• PROBLEM TO SOLVE: Would you please copy every line from the records that contains the word "longlonglongrightarrow"?

RECORDS FOR THIS TASK Start Marker

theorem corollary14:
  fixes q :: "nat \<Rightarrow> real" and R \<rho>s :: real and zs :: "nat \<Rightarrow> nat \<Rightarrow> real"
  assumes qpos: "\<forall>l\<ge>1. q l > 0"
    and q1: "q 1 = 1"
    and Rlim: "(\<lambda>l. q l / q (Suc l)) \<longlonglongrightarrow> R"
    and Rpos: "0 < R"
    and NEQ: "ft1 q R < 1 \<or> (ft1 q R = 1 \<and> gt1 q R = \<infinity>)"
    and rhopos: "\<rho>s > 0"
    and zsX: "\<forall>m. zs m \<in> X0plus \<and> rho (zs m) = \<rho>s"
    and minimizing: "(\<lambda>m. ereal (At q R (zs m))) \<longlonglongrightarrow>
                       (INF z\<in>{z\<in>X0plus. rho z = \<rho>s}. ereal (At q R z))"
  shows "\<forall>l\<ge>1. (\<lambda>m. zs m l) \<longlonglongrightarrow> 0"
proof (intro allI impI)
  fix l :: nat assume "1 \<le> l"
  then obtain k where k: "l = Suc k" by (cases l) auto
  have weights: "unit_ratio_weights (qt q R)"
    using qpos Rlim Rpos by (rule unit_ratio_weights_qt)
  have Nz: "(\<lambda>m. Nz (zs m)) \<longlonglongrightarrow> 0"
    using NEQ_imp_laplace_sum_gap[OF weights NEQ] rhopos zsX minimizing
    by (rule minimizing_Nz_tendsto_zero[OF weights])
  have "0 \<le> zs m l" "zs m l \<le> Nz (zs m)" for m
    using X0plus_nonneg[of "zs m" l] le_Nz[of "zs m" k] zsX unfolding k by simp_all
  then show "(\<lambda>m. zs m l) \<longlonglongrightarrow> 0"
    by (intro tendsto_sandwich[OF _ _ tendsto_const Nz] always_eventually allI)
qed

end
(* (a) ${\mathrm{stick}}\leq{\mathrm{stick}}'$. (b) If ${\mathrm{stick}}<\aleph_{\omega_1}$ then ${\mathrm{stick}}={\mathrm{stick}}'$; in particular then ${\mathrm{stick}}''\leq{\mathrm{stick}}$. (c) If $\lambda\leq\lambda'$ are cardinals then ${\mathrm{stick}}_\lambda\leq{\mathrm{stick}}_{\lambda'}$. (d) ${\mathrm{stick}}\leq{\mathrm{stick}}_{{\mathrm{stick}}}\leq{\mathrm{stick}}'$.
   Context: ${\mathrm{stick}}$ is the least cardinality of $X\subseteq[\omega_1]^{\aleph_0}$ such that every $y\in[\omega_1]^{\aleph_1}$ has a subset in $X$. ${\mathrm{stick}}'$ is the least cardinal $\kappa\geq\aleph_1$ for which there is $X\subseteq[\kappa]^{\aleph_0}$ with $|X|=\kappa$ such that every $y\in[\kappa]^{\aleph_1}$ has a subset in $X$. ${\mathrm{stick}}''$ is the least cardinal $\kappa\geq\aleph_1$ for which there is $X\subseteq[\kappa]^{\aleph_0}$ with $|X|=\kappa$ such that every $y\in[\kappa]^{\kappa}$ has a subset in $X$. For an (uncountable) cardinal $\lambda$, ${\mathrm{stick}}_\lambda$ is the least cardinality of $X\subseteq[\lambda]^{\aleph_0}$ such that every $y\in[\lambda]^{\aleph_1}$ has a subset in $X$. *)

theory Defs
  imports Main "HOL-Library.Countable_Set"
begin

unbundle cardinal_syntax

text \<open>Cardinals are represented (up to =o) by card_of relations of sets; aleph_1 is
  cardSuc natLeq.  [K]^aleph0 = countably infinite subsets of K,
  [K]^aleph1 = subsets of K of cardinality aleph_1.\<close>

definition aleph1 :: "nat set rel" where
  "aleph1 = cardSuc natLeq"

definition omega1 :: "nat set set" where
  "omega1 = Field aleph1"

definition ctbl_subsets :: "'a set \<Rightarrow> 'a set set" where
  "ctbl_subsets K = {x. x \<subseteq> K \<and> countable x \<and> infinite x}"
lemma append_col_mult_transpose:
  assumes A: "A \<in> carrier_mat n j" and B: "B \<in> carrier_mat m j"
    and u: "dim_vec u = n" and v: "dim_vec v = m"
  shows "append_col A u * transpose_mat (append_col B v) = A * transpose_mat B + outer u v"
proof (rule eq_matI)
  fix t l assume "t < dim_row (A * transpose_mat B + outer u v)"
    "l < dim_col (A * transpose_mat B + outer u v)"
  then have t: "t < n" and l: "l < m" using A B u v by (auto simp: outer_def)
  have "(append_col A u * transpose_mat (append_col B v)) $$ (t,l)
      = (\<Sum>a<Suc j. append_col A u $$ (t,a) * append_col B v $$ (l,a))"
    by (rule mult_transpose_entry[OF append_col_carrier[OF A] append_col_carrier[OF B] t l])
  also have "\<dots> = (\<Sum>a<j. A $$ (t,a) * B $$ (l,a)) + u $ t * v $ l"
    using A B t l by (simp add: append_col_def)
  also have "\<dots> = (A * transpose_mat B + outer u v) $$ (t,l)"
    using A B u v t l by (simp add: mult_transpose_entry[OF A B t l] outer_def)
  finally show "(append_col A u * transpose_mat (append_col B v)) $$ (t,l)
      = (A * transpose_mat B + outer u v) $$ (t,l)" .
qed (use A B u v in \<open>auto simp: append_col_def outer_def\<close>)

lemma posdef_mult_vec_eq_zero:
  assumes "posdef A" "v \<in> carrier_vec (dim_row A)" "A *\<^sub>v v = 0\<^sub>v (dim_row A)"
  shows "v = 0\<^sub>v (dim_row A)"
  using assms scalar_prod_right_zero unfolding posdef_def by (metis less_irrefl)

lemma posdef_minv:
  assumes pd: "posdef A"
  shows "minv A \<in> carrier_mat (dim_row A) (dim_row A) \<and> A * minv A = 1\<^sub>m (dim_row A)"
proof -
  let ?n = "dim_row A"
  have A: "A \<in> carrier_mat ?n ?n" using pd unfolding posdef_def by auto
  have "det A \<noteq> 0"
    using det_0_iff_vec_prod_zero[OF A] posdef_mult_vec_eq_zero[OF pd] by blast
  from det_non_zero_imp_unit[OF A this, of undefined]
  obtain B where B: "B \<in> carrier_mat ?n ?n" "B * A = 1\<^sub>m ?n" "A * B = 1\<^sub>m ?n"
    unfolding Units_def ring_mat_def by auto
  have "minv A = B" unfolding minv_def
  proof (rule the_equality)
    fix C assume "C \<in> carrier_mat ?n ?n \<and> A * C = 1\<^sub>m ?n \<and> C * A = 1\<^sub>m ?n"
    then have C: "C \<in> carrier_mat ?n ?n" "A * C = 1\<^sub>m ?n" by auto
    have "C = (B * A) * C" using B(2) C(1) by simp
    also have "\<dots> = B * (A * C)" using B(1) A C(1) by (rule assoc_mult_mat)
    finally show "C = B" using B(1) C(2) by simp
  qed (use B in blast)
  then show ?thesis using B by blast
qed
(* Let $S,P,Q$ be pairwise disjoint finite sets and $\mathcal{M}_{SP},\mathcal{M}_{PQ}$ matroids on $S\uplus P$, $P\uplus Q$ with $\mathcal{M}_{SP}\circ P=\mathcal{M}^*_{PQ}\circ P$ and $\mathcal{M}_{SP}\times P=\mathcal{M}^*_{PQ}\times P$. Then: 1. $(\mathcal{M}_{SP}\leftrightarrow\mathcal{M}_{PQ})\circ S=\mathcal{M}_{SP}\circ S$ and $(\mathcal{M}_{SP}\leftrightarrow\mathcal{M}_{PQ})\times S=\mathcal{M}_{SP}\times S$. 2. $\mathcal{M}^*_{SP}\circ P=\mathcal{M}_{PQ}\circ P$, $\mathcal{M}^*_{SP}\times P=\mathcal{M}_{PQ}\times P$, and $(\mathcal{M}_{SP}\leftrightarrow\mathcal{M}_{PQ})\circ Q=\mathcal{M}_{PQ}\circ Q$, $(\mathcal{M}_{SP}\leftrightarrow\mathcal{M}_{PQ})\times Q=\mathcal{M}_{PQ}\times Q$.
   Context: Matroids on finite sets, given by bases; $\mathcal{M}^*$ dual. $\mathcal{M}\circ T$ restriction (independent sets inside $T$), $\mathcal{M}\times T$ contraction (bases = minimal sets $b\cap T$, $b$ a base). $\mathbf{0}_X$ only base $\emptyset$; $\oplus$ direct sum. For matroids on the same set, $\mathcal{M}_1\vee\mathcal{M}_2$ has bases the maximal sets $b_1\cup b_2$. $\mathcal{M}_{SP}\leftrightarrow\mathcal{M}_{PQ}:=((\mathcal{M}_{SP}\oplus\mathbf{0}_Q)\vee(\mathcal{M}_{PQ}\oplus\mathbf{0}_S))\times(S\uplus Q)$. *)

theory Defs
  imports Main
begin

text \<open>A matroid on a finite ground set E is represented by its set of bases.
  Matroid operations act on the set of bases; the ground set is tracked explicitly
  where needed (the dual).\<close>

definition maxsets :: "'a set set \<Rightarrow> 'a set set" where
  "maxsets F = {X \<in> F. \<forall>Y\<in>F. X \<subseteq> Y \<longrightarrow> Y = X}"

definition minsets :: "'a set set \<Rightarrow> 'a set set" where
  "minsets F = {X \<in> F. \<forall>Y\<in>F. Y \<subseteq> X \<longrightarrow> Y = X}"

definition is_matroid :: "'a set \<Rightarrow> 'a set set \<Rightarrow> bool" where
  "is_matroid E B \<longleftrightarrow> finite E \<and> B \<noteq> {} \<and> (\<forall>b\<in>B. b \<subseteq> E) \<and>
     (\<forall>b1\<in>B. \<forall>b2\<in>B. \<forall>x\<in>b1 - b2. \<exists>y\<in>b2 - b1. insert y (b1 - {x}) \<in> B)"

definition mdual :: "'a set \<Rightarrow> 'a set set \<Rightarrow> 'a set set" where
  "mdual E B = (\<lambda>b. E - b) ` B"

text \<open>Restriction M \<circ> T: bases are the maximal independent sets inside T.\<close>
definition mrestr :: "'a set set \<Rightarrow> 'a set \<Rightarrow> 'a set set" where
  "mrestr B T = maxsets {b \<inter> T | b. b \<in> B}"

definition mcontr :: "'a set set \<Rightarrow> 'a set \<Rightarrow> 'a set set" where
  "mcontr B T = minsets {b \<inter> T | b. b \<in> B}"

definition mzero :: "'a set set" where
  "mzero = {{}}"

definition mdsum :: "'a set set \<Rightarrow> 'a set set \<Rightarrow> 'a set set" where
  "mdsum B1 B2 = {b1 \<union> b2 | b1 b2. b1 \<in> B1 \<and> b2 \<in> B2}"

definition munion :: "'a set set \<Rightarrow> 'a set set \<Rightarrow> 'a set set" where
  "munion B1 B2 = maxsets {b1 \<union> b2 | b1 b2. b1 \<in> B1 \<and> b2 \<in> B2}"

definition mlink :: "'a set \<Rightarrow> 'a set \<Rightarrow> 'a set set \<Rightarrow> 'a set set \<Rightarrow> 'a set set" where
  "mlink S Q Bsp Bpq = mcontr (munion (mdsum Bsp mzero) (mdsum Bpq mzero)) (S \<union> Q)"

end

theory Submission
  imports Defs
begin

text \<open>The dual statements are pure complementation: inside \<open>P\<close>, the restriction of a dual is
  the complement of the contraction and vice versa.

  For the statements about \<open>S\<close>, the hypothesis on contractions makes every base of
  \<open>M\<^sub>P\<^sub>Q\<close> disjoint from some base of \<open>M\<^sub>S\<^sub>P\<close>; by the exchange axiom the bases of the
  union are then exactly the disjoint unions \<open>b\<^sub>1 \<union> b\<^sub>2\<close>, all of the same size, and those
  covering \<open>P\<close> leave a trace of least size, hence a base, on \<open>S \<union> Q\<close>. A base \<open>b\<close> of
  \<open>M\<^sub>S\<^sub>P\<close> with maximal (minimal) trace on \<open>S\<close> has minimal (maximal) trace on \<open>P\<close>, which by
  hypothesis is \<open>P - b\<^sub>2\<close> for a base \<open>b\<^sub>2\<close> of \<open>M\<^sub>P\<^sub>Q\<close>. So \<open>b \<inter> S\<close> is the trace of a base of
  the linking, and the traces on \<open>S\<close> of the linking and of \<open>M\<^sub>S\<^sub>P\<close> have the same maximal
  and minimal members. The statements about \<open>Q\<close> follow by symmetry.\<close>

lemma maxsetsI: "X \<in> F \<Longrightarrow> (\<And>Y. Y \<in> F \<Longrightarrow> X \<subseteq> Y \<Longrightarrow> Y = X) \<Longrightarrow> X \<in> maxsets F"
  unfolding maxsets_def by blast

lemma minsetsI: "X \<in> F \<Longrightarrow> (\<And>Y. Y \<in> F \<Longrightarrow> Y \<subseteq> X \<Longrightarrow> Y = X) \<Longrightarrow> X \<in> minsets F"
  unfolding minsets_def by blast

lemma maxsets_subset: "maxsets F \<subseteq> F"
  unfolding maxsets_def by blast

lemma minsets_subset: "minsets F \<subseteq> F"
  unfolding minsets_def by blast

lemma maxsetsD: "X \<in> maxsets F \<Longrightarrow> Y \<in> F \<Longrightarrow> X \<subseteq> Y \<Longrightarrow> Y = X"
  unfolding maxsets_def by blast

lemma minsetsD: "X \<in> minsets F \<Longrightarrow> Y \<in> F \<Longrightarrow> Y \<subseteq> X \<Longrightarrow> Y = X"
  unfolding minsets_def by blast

RECORDS FOR THIS TASK End Marker

• PROBLEM SOLUTION:
    and Rlim: "(\<lambda>l. q l / q (Suc l)) \<longlonglongrightarrow> R"
    and minimizing: "(\<lambda>m. ereal (At q R (zs m))) \<longlonglongrightarrow>
  shows "\<forall>l\<ge>1. (\<lambda>m. zs m l) \<longlonglongrightarrow> 0"
  have Nz: "(\<lambda>m. Nz (zs m)) \<longlonglongrightarrow> 0"
  then show "(\<lambda>m. zs m l) \<longlonglongrightarrow> 0"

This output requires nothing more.